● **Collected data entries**
+++

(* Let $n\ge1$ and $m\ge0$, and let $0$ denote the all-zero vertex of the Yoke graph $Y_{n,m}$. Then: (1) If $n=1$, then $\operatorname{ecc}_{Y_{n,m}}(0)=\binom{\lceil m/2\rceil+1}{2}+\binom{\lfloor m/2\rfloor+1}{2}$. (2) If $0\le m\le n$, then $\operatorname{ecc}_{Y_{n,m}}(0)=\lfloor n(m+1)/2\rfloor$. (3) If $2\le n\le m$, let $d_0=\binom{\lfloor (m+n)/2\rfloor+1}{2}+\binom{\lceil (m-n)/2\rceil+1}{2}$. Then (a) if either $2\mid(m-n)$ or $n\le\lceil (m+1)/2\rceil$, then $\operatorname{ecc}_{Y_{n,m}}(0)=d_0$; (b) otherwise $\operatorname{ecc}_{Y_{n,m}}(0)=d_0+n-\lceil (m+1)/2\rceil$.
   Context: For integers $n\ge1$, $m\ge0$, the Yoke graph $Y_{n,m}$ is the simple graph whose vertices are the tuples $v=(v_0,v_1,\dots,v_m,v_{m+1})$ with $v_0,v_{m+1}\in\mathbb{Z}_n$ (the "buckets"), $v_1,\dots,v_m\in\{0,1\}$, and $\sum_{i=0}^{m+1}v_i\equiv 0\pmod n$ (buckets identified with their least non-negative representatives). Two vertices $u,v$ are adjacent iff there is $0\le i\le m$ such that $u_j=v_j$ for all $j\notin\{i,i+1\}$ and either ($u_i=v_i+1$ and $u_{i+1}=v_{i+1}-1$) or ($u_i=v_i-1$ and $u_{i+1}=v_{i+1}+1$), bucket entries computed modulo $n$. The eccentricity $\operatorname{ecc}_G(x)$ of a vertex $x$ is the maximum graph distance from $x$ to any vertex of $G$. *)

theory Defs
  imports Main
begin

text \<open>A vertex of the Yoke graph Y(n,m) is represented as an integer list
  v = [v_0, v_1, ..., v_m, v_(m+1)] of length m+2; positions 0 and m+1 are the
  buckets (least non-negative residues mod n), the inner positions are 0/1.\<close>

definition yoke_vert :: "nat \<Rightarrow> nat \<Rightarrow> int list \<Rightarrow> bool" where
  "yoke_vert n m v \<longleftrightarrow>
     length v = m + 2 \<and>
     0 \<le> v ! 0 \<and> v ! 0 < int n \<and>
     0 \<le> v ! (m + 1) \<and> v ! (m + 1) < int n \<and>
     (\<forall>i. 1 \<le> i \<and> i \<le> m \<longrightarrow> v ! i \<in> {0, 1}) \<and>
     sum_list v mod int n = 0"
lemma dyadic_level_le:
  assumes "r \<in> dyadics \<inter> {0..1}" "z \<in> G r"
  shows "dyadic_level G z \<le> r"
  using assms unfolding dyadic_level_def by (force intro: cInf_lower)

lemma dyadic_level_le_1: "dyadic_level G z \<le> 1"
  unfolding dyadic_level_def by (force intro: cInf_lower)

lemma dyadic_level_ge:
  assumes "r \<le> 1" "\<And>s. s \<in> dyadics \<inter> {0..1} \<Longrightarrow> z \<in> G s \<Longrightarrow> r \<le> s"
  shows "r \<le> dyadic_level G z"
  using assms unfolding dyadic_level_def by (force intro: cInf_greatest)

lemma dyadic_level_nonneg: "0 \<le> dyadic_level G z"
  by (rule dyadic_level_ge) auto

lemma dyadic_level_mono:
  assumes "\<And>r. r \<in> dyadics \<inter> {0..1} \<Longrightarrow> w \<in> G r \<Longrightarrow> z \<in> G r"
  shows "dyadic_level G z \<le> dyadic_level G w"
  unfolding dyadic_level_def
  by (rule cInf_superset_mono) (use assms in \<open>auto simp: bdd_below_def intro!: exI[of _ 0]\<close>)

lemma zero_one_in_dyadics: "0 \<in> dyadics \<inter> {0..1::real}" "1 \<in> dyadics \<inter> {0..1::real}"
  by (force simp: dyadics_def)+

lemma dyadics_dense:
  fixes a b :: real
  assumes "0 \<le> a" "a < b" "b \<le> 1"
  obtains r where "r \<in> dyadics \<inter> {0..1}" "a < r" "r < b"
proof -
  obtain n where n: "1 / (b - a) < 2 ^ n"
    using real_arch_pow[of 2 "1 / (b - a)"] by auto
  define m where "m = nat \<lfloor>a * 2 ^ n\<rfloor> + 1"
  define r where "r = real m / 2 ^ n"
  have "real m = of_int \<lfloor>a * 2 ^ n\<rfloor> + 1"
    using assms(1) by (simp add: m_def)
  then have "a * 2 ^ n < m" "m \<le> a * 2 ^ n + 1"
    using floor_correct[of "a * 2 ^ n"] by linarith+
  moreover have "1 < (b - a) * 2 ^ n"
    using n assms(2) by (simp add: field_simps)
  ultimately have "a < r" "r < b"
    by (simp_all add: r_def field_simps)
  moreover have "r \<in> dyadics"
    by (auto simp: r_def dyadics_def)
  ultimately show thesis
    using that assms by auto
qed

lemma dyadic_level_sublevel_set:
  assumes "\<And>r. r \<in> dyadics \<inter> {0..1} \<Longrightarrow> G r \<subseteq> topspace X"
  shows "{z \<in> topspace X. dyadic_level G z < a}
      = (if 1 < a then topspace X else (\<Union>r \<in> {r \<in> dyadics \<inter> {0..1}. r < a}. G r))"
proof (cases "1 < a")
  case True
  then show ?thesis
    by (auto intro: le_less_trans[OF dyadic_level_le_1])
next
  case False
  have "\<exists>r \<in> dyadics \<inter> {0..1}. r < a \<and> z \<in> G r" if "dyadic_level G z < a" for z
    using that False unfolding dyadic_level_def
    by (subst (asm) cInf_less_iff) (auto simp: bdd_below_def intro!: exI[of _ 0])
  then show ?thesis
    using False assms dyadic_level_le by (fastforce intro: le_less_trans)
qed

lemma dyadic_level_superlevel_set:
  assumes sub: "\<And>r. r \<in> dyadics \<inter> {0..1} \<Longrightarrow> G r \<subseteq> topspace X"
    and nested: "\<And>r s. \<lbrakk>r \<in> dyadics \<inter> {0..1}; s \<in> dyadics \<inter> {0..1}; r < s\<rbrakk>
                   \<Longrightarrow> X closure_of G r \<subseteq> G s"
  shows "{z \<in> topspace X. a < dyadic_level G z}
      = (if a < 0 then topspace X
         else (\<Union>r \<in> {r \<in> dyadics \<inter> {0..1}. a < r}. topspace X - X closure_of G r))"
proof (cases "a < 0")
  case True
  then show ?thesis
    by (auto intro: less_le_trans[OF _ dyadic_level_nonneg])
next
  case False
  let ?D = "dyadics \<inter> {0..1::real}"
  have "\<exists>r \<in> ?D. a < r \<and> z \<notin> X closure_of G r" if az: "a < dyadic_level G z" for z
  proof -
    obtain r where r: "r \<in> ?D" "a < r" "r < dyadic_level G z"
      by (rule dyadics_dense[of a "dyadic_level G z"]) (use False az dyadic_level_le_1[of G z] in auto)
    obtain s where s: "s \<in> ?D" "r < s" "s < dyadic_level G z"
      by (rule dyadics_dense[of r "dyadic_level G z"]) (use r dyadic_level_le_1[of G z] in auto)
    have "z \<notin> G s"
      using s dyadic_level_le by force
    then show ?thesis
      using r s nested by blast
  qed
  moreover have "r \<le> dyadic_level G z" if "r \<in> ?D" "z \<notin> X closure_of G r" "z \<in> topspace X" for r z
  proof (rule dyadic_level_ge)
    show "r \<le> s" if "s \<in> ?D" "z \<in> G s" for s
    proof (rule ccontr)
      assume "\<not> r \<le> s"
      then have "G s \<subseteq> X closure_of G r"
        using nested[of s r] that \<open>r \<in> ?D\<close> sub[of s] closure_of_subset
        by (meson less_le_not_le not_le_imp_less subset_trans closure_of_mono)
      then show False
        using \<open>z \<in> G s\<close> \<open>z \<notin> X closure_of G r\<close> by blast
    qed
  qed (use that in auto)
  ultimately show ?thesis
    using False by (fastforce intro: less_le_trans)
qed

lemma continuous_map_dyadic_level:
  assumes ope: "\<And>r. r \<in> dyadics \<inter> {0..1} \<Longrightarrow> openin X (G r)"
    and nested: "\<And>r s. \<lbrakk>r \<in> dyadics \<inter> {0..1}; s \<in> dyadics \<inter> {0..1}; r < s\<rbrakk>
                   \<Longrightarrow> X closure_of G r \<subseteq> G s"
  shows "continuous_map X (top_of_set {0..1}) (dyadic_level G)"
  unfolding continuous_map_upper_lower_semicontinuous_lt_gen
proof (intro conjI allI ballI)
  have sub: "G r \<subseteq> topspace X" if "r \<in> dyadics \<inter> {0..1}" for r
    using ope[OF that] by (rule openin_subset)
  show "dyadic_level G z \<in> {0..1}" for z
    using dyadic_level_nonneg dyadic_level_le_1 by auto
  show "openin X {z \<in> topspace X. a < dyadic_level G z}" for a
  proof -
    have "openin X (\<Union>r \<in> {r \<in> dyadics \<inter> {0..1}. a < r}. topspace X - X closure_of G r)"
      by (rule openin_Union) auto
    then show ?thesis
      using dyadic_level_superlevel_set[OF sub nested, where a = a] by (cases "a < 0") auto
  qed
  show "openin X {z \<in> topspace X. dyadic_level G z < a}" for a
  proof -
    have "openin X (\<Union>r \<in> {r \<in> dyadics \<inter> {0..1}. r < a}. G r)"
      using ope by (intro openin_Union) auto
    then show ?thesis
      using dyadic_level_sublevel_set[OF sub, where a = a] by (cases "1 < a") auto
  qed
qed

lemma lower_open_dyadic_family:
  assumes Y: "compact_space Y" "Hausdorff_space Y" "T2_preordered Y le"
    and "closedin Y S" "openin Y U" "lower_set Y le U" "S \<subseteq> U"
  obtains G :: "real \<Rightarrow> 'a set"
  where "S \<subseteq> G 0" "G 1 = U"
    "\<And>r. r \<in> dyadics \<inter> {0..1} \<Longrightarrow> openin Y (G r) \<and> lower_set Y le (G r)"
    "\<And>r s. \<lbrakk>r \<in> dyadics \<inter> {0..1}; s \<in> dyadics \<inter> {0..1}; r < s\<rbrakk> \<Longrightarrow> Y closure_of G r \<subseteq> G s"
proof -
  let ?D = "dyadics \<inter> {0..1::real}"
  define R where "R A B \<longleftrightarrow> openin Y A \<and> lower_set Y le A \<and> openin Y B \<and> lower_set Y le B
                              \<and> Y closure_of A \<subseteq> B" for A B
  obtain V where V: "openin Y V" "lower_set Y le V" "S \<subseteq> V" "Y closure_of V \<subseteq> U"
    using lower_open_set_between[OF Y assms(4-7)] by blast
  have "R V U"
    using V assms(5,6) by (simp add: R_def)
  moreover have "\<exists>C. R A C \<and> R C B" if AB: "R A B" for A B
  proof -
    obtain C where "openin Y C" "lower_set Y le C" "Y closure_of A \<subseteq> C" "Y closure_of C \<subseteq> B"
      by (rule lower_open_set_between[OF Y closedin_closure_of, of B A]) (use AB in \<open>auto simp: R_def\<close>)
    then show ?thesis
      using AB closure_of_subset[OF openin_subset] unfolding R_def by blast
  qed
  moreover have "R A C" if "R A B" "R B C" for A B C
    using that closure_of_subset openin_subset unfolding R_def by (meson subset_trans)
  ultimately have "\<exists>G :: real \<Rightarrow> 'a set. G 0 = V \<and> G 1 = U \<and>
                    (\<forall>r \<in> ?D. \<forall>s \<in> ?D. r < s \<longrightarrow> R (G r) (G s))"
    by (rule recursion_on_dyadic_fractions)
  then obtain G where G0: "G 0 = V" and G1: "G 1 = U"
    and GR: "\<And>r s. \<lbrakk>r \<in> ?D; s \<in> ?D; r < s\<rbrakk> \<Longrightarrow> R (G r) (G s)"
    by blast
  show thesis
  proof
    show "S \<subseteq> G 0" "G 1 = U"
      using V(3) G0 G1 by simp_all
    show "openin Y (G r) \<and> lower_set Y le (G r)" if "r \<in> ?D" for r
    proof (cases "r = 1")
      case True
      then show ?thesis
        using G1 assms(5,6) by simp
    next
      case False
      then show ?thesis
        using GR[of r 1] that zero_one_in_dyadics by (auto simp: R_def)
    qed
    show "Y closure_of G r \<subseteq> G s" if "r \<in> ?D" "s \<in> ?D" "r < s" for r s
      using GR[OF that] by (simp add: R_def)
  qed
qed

+++

What are the lines above, starting at the one with "using AB closure_of_subset[OF" and ending at the one with "then obtain G"? Give them again exactly, and only them.

      using AB closure_of_subset[OF openin_subset] unfolding R_def by blast
  qed
  moreover have "R A C" if "R A B" "R B C" for A B C
    using that closure_of_subset openin_subset unfolding R_def by (meson subset_trans)
  ultimately have "\<exists>G :: real \<Rightarrow> 'a set. G 0 = V \<and> G 1 = U \<and>
                    (\<forall>r \<in> ?D. \<forall>s \<in> ?D. r < s \<longrightarrow> R (G r) (G s))"
    by (rule recursion_on_dyadic_fractions)
  then obtain G where G0: "G 0 = V" and G1: "G 1 = U"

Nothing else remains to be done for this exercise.